連載コラム/富裕層「あ・い・う・え・お」の法則
第26回
皆さんいかがお過ごしでしょうか。私はここ3ヶ月ほどシンガポールへの出張がだいぶ増えてきています。シンガポールの友人が Millionaire Asia というアジア富裕層のデータベースビジネスをしており、そちらとかなり連携が深まっています。この会社でその名の通り Millionaire Asia という、いかにもストレートな名前の雑誌も発行しているのですが、その中で「アジアでもフィランソロピー文化が拡大している」という面白い記事がありました。その内容もさることながら、注目した点は「チェック(小切手)による寄付が多い」ということ。これ、日本における寄付促進にも大きなヒントなんじゃないかと。
今ではネット上で寄付ができる仕組みもずいぶんと発達しましたし、もちろん自分でできる範囲の寄付を現金でする、というのが普通だと思うんですけど、なかなかどうしてこのチェックによる寄付というのは大きな可能性を秘めていると思うんですね。例えば私が小学生時代(なんと30年以上前になりました!)、実家の近くにセブンイレブンができてものめずらしさも手伝って毎日のように行っていたことをよく覚えているんですけど、その時には今となってはどのコンビニでも見かける寄付ボックスのようなものはなかったと記憶しています。いつの頃からでしょうか、おつりを確かに小額ではありますが入れるようになりました。これはもっとも「あ・い・う・え・お」の概念に近い行動だと思います。ところが、そこに1,000円入れる人はあまりいないと思うんですね。逆にチェックであれば(なんとなく)1,000円くらいからの寄付になるだろうな、と。

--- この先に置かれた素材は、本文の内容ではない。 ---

(* Let $K\subseteq\mathbb{R}^d$ be compact, let $f\in C^1(K)$ and let $df:K\to\mathbb{R}^d$ be a continuous derivative of $f$ on $K$. Then for every rectifiable path $\gamma:[a,b]\to K$, $$\int_\gamma df=f(\gamma(b))-f(\gamma(a)).$$
   Context: A function $df:K\to\mathbb{R}^d$ (identifying linear functionals on $\mathbb{R}^d$ with vectors via the scalar product $\langle\cdot,\cdot\rangle$) is a derivative of $f:K\to\mathbb{R}$ on $K$ if for every $x\in K$, $\lim_{y\to x,\,y\in K\setminus\{x\}}\frac{f(y)-f(x)-\langle df(x),y-x\rangle}{|y-x|}=0$. $C^1(K)$ is the set of $f:K\to\mathbb{R}$ admitting a continuous derivative on $K$. A path $\gamma:[a,b]\to K$ is a continuous map; its length is $L(\gamma)=\sup\{\sum_{j=1}^n|\gamma(t_j)-\gamma(t_{j-1})|: a=t_0<\dots<t_n=b\}$, and $\gamma$ is rectifiable if $L(\gamma)<\infty$. For continuous $F:K\to\mathbb{R}^d$ and rectifiable $\gamma$, the path integral $\int_\gamma F$ is the limit of the Riemann–Stieltjes sums $\sum_{j=1}^n\langle F(\gamma(\tau_j)),\gamma(t_j)-\gamma(t_{j-1})\rangle$ over partitions $a=t_0<\dots<t_n=b$ with mesh tending to $0$ and $t_{j-1}\le\tau_j\le t_j$. *)

theory Defs
  imports "HOL-Analysis.Analysis"
begin

text \<open>df is a derivative of f on K (linear functionals identified with vectors via the inner product).\<close>
definition is_derivative_on ::
  "('a::euclidean_space \<Rightarrow> real) \<Rightarrow> ('a \<Rightarrow> 'a) \<Rightarrow> 'a set \<Rightarrow> bool" where
  "is_derivative_on f df K \<longleftrightarrow>
     (\<forall>x\<in>K. ((\<lambda>y. (f y - f x - df x \<bullet> (y - x)) / norm (y - x)) \<longlongrightarrow> 0)
               (at x within (K - {x})))"

definition is_partition :: "real \<Rightarrow> real \<Rightarrow> nat \<Rightarrow> (nat \<Rightarrow> real) \<Rightarrow> bool" where
  "is_partition a b n t \<longleftrightarrow> t 0 = a \<and> t n = b \<and> (\<forall>j<n. t j < t (Suc j))"

definition polygonal_sums :: "(real \<Rightarrow> 'a::euclidean_space) \<Rightarrow> real \<Rightarrow> real \<Rightarrow> real set" where
  "polygonal_sums \<gamma> a b =
     {\<Sum>j\<in>{1..n}. norm (\<gamma> (t j) - \<gamma> (t (j - 1))) | n t. is_partition a b n t}"

definition path_len :: "(real \<Rightarrow> 'a::euclidean_space) \<Rightarrow> real \<Rightarrow> real \<Rightarrow> real" where
  "path_len \<gamma> a b = Sup (polygonal_sums \<gamma> a b)"

definition rectifiable :: "(real \<Rightarrow> 'a::euclidean_space) \<Rightarrow> real \<Rightarrow> real \<Rightarrow> bool" where
  "rectifiable \<gamma> a b \<longleftrightarrow> bdd_above (polygonal_sums \<gamma> a b)"

definition has_RS_path_integral ::
  "('a::euclidean_space \<Rightarrow> 'a) \<Rightarrow> (real \<Rightarrow> 'a) \<Rightarrow> real \<Rightarrow> real \<Rightarrow> real \<Rightarrow> bool" where
  "has_RS_path_integral F \<gamma> a b I \<longleftrightarrow>
     (\<forall>\<epsilon>>0. \<exists>\<delta>>0. \<forall>n t \<tau>.
        is_partition a b n t \<and> (\<forall>j\<in>{1..n}. t j - t (j - 1) < \<delta>) \<and>
        (\<forall>j\<in>{1..n}. t (j - 1) \<le> \<tau> j \<and> \<tau> j \<le> t j)
        \<longrightarrow> \<bar>(\<Sum>j\<in>{1..n}. F (\<gamma> (\<tau> j)) \<bullet> (\<gamma> (t j) - \<gamma> (t (j - 1)))) - I\<bar> < \<epsilon>)"

end

theory Submission
  imports Defs
begin

text \<open>
  On each piece [u, v] of a fine partition, df \<circ> \<gamma> stays within e of the tag value c, so
  h = f \<circ> \<gamma> - c \<bullet> \<gamma> satisfies, to the right of every point w, the local bound
  |h w' - h w| \<le> 2e |\<gamma> w' - \<gamma> w| \<le> 2e L(\<gamma>|[w, w']). Since the length is superadditive and h is
  continuous, a supremum argument turns this into |h v - h u| \<le> 2e L(\<gamma>|[u, v]). Summing over the
  partition, the error of a Riemann--Stieltjes sum against the telescoping sum
  f(\<gamma> b) - f(\<gamma> a) is at most 2e L(\<gamma>), which is small by uniform continuity of df \<circ> \<gamma>.
\<close>

lemma is_partition_mono:
  assumes "is_partition a b n t" "i \<le> k" "k \<le> n"
  shows "t i \<le> t k"
  using assms(2,3)
proof (induction k)
  case (Suc k)
  show ?case
  proof (cases "i = Suc k")
    case False
    then have "t i \<le> t k" using Suc by simp
    also have "t k < t (Suc k)" using assms(1) Suc.prems by (simp add: is_partition_def)
    finally show ?thesis by simp
  qed simp
qed simp

lemma is_partition_range:
  assumes "is_partition a b n t" "i \<le> n"
  shows "t i \<in> {a..b}"
  using is_partition_mono[OF assms(1), of 0 i] is_partition_mono[OF assms(1), of i n] assms
  by (auto simp: is_partition_def)

lemma is_partition_append:
  assumes "is_partition u s m t1" "is_partition s w n t2"
  shows "is_partition u w (m + n) (\<lambda>i. if i \<le> m then t1 i else t2 (i - m))"
  unfolding is_partition_def
proof (intro conjI allI impI)
  let ?t = "\<lambda>i. if i \<le> m then t1 i else t2 (i - m)"
  show "?t 0 = u" using assms(1) by (simp add: is_partition_def)
  show "?t (m + n) = w"
    using assms by (cases "n = 0") (auto simp: is_partition_def)
  fix j assume j: "j < m + n"
  consider "Suc j \<le> m" | "j = m" | "m < j" by linarith
  then show "?t j < ?t (Suc j)"
  proof cases
    case 1 then show ?thesis using assms(1) by (simp add: is_partition_def)
  next
    case 2 then show ?thesis using assms j by (auto simp: is_partition_def)
  next
    case 3 then show ?thesis using assms(2) j by (auto simp: is_partition_def Suc_diff_le)
  qed
qed

lemma polygonal_sumsI:
  assumes "is_partition u v n t"
  shows "(\<Sum>j\<in>{1..n}. norm (\<gamma> (t j) - \<gamma> (t (j - 1)))) \<in> polygonal_sums \<gamma> u v"
  unfolding polygonal_sums_def using assms by blast

lemma norm_diff_in_polygonal_sums:
  assumes "u \<le> v"
  shows "norm (\<gamma> v - \<gamma> u) \<in> polygonal_sums \<gamma> u v"
proof (cases "u = v")
  case True
  have "is_partition u v 0 (\<lambda>_. u)" using True by (simp add: is_partition_def)
  from polygonal_sumsI[OF this, of \<gamma>] show ?thesis using True by simp
next
  case False
  then have "is_partition u v 1 (\<lambda>i. if i = 0 then u else v)"
    using assms by (simp add: is_partition_def)
  from polygonal_sumsI[OF this, of \<gamma>] show ?thesis by simp
qed

lemma polygonal_sums_add:
  assumes "p \<in> polygonal_sums \<gamma> u s" "q \<in> polygonal_sums \<gamma> s w"
  shows "p + q \<in> polygonal_sums \<gamma> u w"
proof -
  obtain m t1 where P1: "is_partition u s m t1"
    and p: "p = (\<Sum>j\<in>{1..m}. norm (\<gamma> (t1 j) - \<gamma> (t1 (j - 1))))"
    using assms(1) unfolding polygonal_sums_def by blast
  obtain n t2 where P2: "is_partition s w n t2"
    and q: "q = (\<Sum>j\<in>{1..n}. norm (\<gamma> (t2 j) - \<gamma> (t2 (j - 1))))"
    using assms(2) unfolding polygonal_sums_def by blast
  define t where "t = (\<lambda>i. if i \<le> m then t1 i else t2 (i - m))"
  let ?g = "\<lambda>j. norm (\<gamma> (t j) - \<gamma> (t (j - 1)))"
  have "(\<Sum>j\<in>{1..m + n}. ?g j) = (\<Sum>j\<in>{1..m}. ?g j) + (\<Sum>j\<in>{m + 1..m + n}. ?g j)"
    by (rule sum.ub_add_nat) simp
  also have "(\<Sum>j\<in>{1..m}. ?g j) = p"
    unfolding p by (rule sum.cong) (auto simp: t_def)
  also have "(\<Sum>j\<in>{m + 1..m + n}. ?g j) = (\<Sum>i\<in>{1..n}. ?g (i + m))"
    using sum.shift_bounds_cl_nat_ivl[of ?g 1 m n] by (simp add: add.commute)
  also have "\<dots> = q"
    unfolding q
  proof (rule sum.cong)
    fix i assume i: "i \<in> {1..n}"
    have "t (i + m - 1) = t2 (i - 1)"
      using i P1 P2 by (cases "i = 1") (auto simp: t_def is_partition_def)
    then show "?g (i + m) = norm (\<gamma> (t2 i) - \<gamma> (t2 (i - 1)))"
      using i by (simp add: t_def)
  qed simp
  finally show ?thesis
    using polygonal_sumsI[OF is_partition_append[OF P1 P2, folded t_def], of \<gamma>] by simp
qed

lemma rectifiable_subinterval:
  assumes "rectifiable \<gamma> a b" "a \<le> u" "u \<le> v" "v \<le> b"
  shows "rectifiable \<gamma> u v"
proof -
  obtain B where B: "\<And>x. x \<in> polygonal_sums \<gamma> a b \<Longrightarrow> x \<le> B"
    using assms(1) unfolding rectifiable_def bdd_above_def by blast
  have "x \<le> B" if x: "x \<in> polygonal_sums \<gamma> u v" for x
  proof -
    have "norm (\<gamma> u - \<gamma> a) + x + norm (\<gamma> b - \<gamma> v) \<in> polygonal_sums \<gamma> a b"
      using assms
      by (intro polygonal_sums_add[OF polygonal_sums_add[OF _ x]] norm_diff_in_polygonal_sums)
    from B[OF this] show ?thesis
      using norm_ge_zero[of "\<gamma> u - \<gamma> a"] norm_ge_zero[of "\<gamma> b - \<gamma> v"] by linarith
  qed
  then show ?thesis unfolding rectifiable_def bdd_above_def by blast
qed

lemma polygonal_sum_le_path_len:
  "rectifiable \<gamma> u v \<Longrightarrow> x \<in> polygonal_sums \<gamma> u v \<Longrightarrow> x \<le> path_len \<gamma> u v"
  unfolding rectifiable_def path_len_def by (rule cSup_upper)

lemma norm_diff_le_path_len:
  "rectifiable \<gamma> u v \<Longrightarrow> u \<le> v \<Longrightarrow> norm (\<gamma> v - \<gamma> u) \<le> path_len \<gamma> u v"
  using polygonal_sum_le_path_len norm_diff_in_polygonal_sums by blast

lemma path_len_nonneg:
  "rectifiable \<gamma> u v \<Longrightarrow> u \<le> v \<Longrightarrow> 0 \<le> path_len \<gamma> u v"
  using norm_diff_le_path_len norm_ge_zero order_trans by blast

lemma path_len_superadditive:
  assumes "rectifiable \<gamma> u w" "u \<le> s" "s \<le> w"
  shows "path_len \<gamma> u s + path_len \<gamma> s w \<le> path_len \<gamma> u w"
proof -
  have sum_le: "x + y \<le> path_len \<gamma> u w"
    if "x \<in> polygonal_sums \<gamma> u s" "y \<in> polygonal_sums \<gamma> s w" for x y
    using polygonal_sum_le_path_len[OF assms(1) polygonal_sums_add[OF that]] .
  have "path_len \<gamma> u s \<le> path_len \<gamma> u w - y" if y: "y \<in> polygonal_sums \<gamma> s w" for y
    unfolding path_len_def[of \<gamma> u s] using norm_diff_in_polygonal_sums[OF assms(2)]
    by (intro cSup_least) (use sum_le[OF _ y] in \<open>auto simp: algebra_simps\<close>)
  then have "path_len \<gamma> s w \<le> path_len \<gamma> u w - path_len \<gamma> u s"
    unfolding path_len_def[of \<gamma> s w] using norm_diff_in_polygonal_sums[OF assms(3)]
    by (intro cSup_least) (auto simp: algebra_simps)
  then show ?thesis by simp
qed

lemma sum_path_len_partition_le:
  assumes rect: "rectifiable \<gamma> a b" and P: "is_partition a b n t"
  shows "(\<Sum>j\<in>{1..n}. path_len \<gamma> (t (j - 1)) (t j)) \<le> path_len \<gamma> a b"
proof -
  have rect_sub: "rectifiable \<gamma> (t i) (t k)" if "i \<le> k" "k \<le> n" for i k
    using rectifiable_subinterval[OF rect] is_partition_range[OF P] is_partition_mono[OF P] that
    by (meson atLeastAtMost_iff order_trans)
  have "(\<Sum>j\<in>{1..m}. path_len \<gamma> (t (j - 1)) (t j)) \<le> path_len \<gamma> (t 0) (t m)" if "m \<le> n" for m
    using that
  proof (induction m)
    case 0
    then show ?case using path_len_nonneg[OF rect_sub[of 0 0]] by simp
  next
    case (Suc m)
    then have "(\<Sum>j\<in>{1..Suc m}. path_len \<gamma> (t (j - 1)) (t j))
        \<le> path_len \<gamma> (t 0) (t m) + path_len \<gamma> (t m) (t (Suc m))" by simp
    also have "\<dots> \<le> path_len \<gamma> (t 0) (t (Suc m))"
      using Suc.prems by (intro path_len_superadditive rect_sub is_partition_mono[OF P]) auto
    finally show ?case .
  qed
  from this[of n] show ?thesis using P by (simp add: is_partition_def)
qed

現金で1,000円寄付するのに何故かためらいがあるような人でも、チェックで1,000円なら違和感感じないんじゃないかな、と思ったりしています。問題は小切手なるものが日本でもごく普通に使用されていく文化になるかどうかということですが、クレジットカードですらこれだけ普及したんですから特に障害はないと思うんですね。例えばシンガポールでは給与支払いも小切手支払いがごく当たり前で、とても日常生活になじみのあるものだったりします。これでフィランソロピストが増えていくきっかけになるのであれば、ごく単純な話のはずですよね。
物事の成功のステップにはアクセシブルか、あるいはそうでないか、ということがあります。特に寄付なりフィランソロピーなりという ような概念には常に「アクセシビリティ」が求められると思うのです。インターネットで手軽に寄付活動ができるようになったことも、コンビニに寄付ボックスが設置されているのも、寄付することへのアクセシビリティを飛躍的に高めたはずです。ならばもう1回!小切手をごく普通の価値交換手段のひとつとする活動でフィランソロピストの増加につながるようなムーブメント起こしたいものです。わりと「あ・い・う・え・お」レベルの話だと思うんですよね。